In ddsjoberg/sjosmooth: Kernel smoothing for time to event data
knitr::opts_chunk$set(
collapse = TRUE,
comment = "#>"
)
require(ggplot2)
Introduction
The sjosmooth package (pronounced sō smüt͟h) was built primarily to perform kernel smoothing on censored time-to-event or survival data. The package provides kernel smoothed estimates of survival probabilities at specified times. The sm package is closely related to the sjosmooth package in that it also performs kernel smoothing with censored time-to-event data; however, the sm package only allows for univariate estimation of a survival quantile (i.e. median survival time) using the Gaussain kernel (sm::sm.survival()). sjosmooth allows for the use of other kernels and for one or more independent variables. Here, we present a tutorial on the use of sm.coxph, which performs kernel smoothing from Cox proportional hazards regression models (survival::coxph()).
Before we get any further into the use of the sjosmooth package and the sm.coxph function, load a few useful packages into memory.
library(tidyverse)
library(ggplot2)
library(plotly)
library(sjosmooth)
library(survival)
Example 1
Estimating 1-year survival--simple linear model
Let's begin with a basic scenario where the true realtionship between the hazard, $h(t; x)$, and a single covariate $x$ has a linear relationship in the Cox model with slope coeffiicient equal to 1 and baseline hazard 1 (i.e. $\beta = 1$ and $h_0(t) = 1$).
$$
h(t) = h_0(t)e^{\beta x} = e^x
$$
The survival probability at time 1, $t_0 = 1$, is given by
$$
S(t_0 = 1; X) = exp(-\int_{0}^{1}h_0(t)dt*e^{x}) = exp(-e^{x})
$$
Let's will simulate data that follows the model above, and we will use kernel smoothing methods to estimate the survival probabilities by the covariate $x$.

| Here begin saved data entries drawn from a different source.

(* Let $\omega\subset\mathbb{R}^2$ be a bounded domain, let $W$ be a Hilbert space of functions $\omega\to\mathbb{R}^3$, continuously embedded in $L^2(\omega)^3$, with scalar product $(\cdot,\cdot)_*$ and norm $\|\cdot\|_*$, let $\mathcal{F}^k\subset W$ ($k\in\mathbb{N}_0$) be closed linear subspaces, let $f\in L^2(\omega)^3$, $\varepsilon>0$, $\tau>0$, $y^0\in W$, and set $I[y]=\frac12\|y\|_*^2-(f,y)$ and $I'[y;w]=(y,w)_*-(f,w)$. Define $y^k=y^{k-1}+\tau d_ty^k$, where $d_ty^k\in\mathcal{F}^{k-1}$ is such that $(d_ty^k,w)_*+I'[y^k;w]+\frac1\varepsilon(y_3^k,w_3)=-\frac1{2\varepsilon}(p_{\mathrm{ccv}}(y_3^{k-1}),w_3)$ for all $w\in\mathcal{F}^{k-1}$. Then this convex-concavely penalized gradient flow is well defined and satisfies, for all $k\ge1$, $I[y^k]+P_\varepsilon[y_3^k]+\tau\|d_ty^k\|_*^2\le I[y^{k-1}]+P_\varepsilon[y_3^{k-1}]$.
   Context: $(\cdot,\cdot)$ denotes the $L^2(\omega)$ inner product, and $y_3$ the third component of $y$. The penalty functional is $P_\varepsilon[y_3]=\frac1{2\varepsilon}\int_\omega(y_3-1)_+^2dx$ with $(s)_+=\max\{s,0\}$. The function $p_{\mathrm{ccv}}:\mathbb{R}\to\mathbb{R}$ is $p_{\mathrm{ccv}}(s)=-2$ for $s>1$ and $p_{\mathrm{ccv}}(s)=-2s$ for $s\le1$; it is the derivative of the concave function $P_{\mathrm{ccv}}(s)=-2s+1$ ($s>1$), $-s^2$ ($s\le1$), which satisfies $(s-1)_+^2=s^2+P_{\mathrm{ccv}}(s)$. *)

theory Defs
  imports "HOL-Analysis.Analysis"
begin

text \<open>Functions omega -> R^3 are represented as total functions real^2 => real^3;
  only their values on omega enter the L2 quantities.  The third component is y x $ 3.\<close>

type_synonym vfield = "real^2 \<Rightarrow> real^3"

definition vadd :: "vfield \<Rightarrow> vfield \<Rightarrow> vfield" where
  "vadd u v = (\<lambda>x. u x + v x)"

definition vscale :: "real \<Rightarrow> vfield \<Rightarrow> vfield" where
  "vscale c u = (\<lambda>x. c *\<^sub>R u x)"

definition vdiff :: "vfield \<Rightarrow> vfield \<Rightarrow> vfield" where
  "vdiff u v = (\<lambda>x. u x - v x)"

definition L2ip3 :: "(real^2) set \<Rightarrow> vfield \<Rightarrow> vfield \<Rightarrow> real" where
  "L2ip3 \<omega> u v = (LINT x:\<omega>|lebesgue. u x \<bullet> v x)"

definition L2ip :: "(real^2) set \<Rightarrow> (real^2 \<Rightarrow> real) \<Rightarrow> (real^2 \<Rightarrow> real) \<Rightarrow> real" where
  "L2ip \<omega> u v = (LINT x:\<omega>|lebesgue. u x * v x)"

definition L2field :: "(real^2) set \<Rightarrow> vfield \<Rightarrow> bool" where
  "L2field \<omega> u \<longleftrightarrow> set_borel_measurable lebesgue \<omega> u \<and>
     set_integrable lebesgue \<omega> (\<lambda>x. (norm (u x))\<^sup>2)"

definition hilbert_on :: "vfield set \<Rightarrow> (vfield \<Rightarrow> vfield \<Rightarrow> real) \<Rightarrow> bool" where
  "hilbert_on W ip \<longleftrightarrow>
     (\<lambda>x. 0) \<in> W \<and>
     (\<forall>u\<in>W. \<forall>v\<in>W. vadd u v \<in> W) \<and>
     (\<forall>c. \<forall>u\<in>W. vscale c u \<in> W) \<and>
     (\<forall>u\<in>W. \<forall>v\<in>W. ip u v = ip v u) \<and>
     (\<forall>u\<in>W. \<forall>v\<in>W. \<forall>w\<in>W. \<forall>a b.
         ip (vadd (vscale a u) (vscale b v)) w = a * ip u w + b * ip v w) \<and>
     (\<forall>u\<in>W. u \<noteq> (\<lambda>x. 0) \<longrightarrow> ip u u > 0) \<and>
     (\<forall>s. (\<forall>n. s n \<in> W) \<longrightarrow>
         (\<forall>e>0. \<exists>N. \<forall>m\<ge>N. \<forall>n\<ge>N. sqrt (ip (vdiff (s m) (s n)) (vdiff (s m) (s n))) < e) \<longrightarrow>
         (\<exists>w\<in>W. (\<lambda>n. sqrt (ip (vdiff (s n) w) (vdiff (s n) w))) \<longlonglongrightarrow> 0))"

definition cont_embedded_L2 :: "(real^2) set \<Rightarrow> vfield set \<Rightarrow> (vfield \<Rightarrow> vfield \<Rightarrow> real) \<Rightarrow> bool" where
  "cont_embedded_L2 \<omega> W ip \<longleftrightarrow> (\<forall>w\<in>W. L2field \<omega> w) \<and>
     (\<exists>C. \<forall>w\<in>W. L2ip3 \<omega> w w \<le> C * ip w w)"

definition closed_subspace_of :: "vfield set \<Rightarrow> vfield set \<Rightarrow> (vfield \<Rightarrow> vfield \<Rightarrow> real) \<Rightarrow> bool" where
  "closed_subspace_of F W ip \<longleftrightarrow> F \<subseteq> W \<and>
     (\<lambda>x. 0) \<in> F \<and>
     (\<forall>u\<in>F. \<forall>v\<in>F. vadd u v \<in> F) \<and>
     (\<forall>c. \<forall>u\<in>F. vscale c u \<in> F) \<and>
     (\<forall>s w. (\<forall>n. s n \<in> F) \<longrightarrow> w \<in> W \<longrightarrow>
         (\<lambda>n. sqrt (ip (vdiff (s n) w) (vdiff (s n) w))) \<longlonglongrightarrow> 0 \<longrightarrow> w \<in> F)"

definition normstar :: "(vfield \<Rightarrow> vfield \<Rightarrow> real) \<Rightarrow> vfield \<Rightarrow> real" where
  "normstar ip w = sqrt (ip w w)"

definition energyI :: "(real^2) set \<Rightarrow> (vfield \<Rightarrow> vfield \<Rightarrow> real) \<Rightarrow> vfield \<Rightarrow> vfield \<Rightarrow> real" where
  "energyI \<omega> ip f y = 1/2 * (normstar ip y)\<^sup>2 - L2ip3 \<omega> f y"

definition energyI' :: "(real^2) set \<Rightarrow> (vfield \<Rightarrow> vfield \<Rightarrow> real) \<Rightarrow> vfield \<Rightarrow> vfield \<Rightarrow> vfield \<Rightarrow> real" where
  "energyI' \<omega> ip f y w = ip y w - L2ip3 \<omega> f w"

definition penalty :: "(real^2) set \<Rightarrow> real \<Rightarrow> (real^2 \<Rightarrow> real) \<Rightarrow> real" where
  "penalty \<omega> \<epsilon> s = 1 / (2 * \<epsilon>) * (LINT x:\<omega>|lebesgue. (max (s x - 1) 0)\<^sup>2)"

definition p_ccv :: "real \<Rightarrow> real" where
  "p_ccv s = (if s > 1 then -2 else -2 * s)"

# generating x first, then we will simualte the outcome
n = 1500
set.seed(568)
sjosmooth = tibble(x = seq(from = 0, to = 1, length.out = n))
# simulating the time to event outcome assuming a correct Cox model
sjosmooth = mutate(sjosmooth,
xb = x,
time = -log(runif(n, 0, 1)) * exp(-xb),
# getting the true survival probabilites at time 1 using x
survt1 = exp(-exp(xb)))
I'l check my simulations now to ensure that the data was simulated accurately. The \beta coefficient from the Cox model should be near 1.

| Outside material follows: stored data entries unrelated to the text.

theorem mainTheorem14:
  fixes G :: "('a, 'b) monoid_scheme" and M K H :: "'a set"
  assumes "group G"
    and "M \<lhd> G" and "K \<lhd> G"
    and "\<exists>S. finite S \<and> S \<subseteq> carrier G \<and> normal_closure G S = M"
    and "H \<lhd> G" and "finite (rcosets\<^bsub>G\<^esub> H)" and "M \<subseteq> H"
  shows "relsize (G\<lparr>carrier := H\<rparr>) (K \<inter> H) M
           \<le> ereal (real (card (rcosets\<^bsub>G\<^esub> H))) * relsize G K M"
proof -
  interpret group G by fact
  define A where "A = {ereal (relsize_set G K S) | S. finite S \<and> S \<subseteq> carrier G \<and> normal_closure G S = M}"
  have "0 < card (rcosets\<^bsub>G\<^esub> H)"
    using card_rcosets_pos[OF normal_imp_subgroup] assms(5,6) by blast
  then have "relsize (G\<lparr>carrier := H\<rparr>) (K \<inter> H) M \<le> ereal (real (card (rcosets\<^bsub>G\<^esub> H))) * Inf A"
  proof (rule ereal_le_mult_Inf[OF of_nat_0_less_iff[THEN iffD2]])
    fix x assume "x \<in> A"
    then obtain S where S: "finite S" "S \<subseteq> carrier G" "normal_closure G S = M"
      and x: "x = ereal (relsize_set G K S)" unfolding A_def by blast
    show "relsize (G\<lparr>carrier := H\<rparr>) (K \<inter> H) M \<le> ereal (real (card (rcosets\<^bsub>G\<^esub> H))) * x"
      using relsize_restrict_le[OF assms(5,3,6) S(1,2)] S(3) assms(7) unfolding x by simp
  qed
  then show ?thesis unfolding relsize_def[of G K M] A_def .
qed

end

mod = coxph(Surv(time) ~ x, data = sjosmooth)
summary(mod)
The estiamted coefficent is r round(mod$coefficients, 3)--close to 1 as expected.
Let's estimate the survial function above using kernel smoothing with the sjosmooth package and the sm.coxph function. Here's a brief description of each of the function arguments.
formula = Surv(time) ~ x specifies the functional form of the model.
data = sjosmooth specifes the tibble or data frame.
time = 1 timepoint when survival will be estimated.
lambda = 0.3 sepcifies the radius of the Epanechnikov kernel (the default kernel, the interpretation of lamda differs by the kernel being used). The $\lambda$ paramter is on the standardized scale, meaning that observations within 0.3 standard deivations will be included in each kernel-weighted estimate.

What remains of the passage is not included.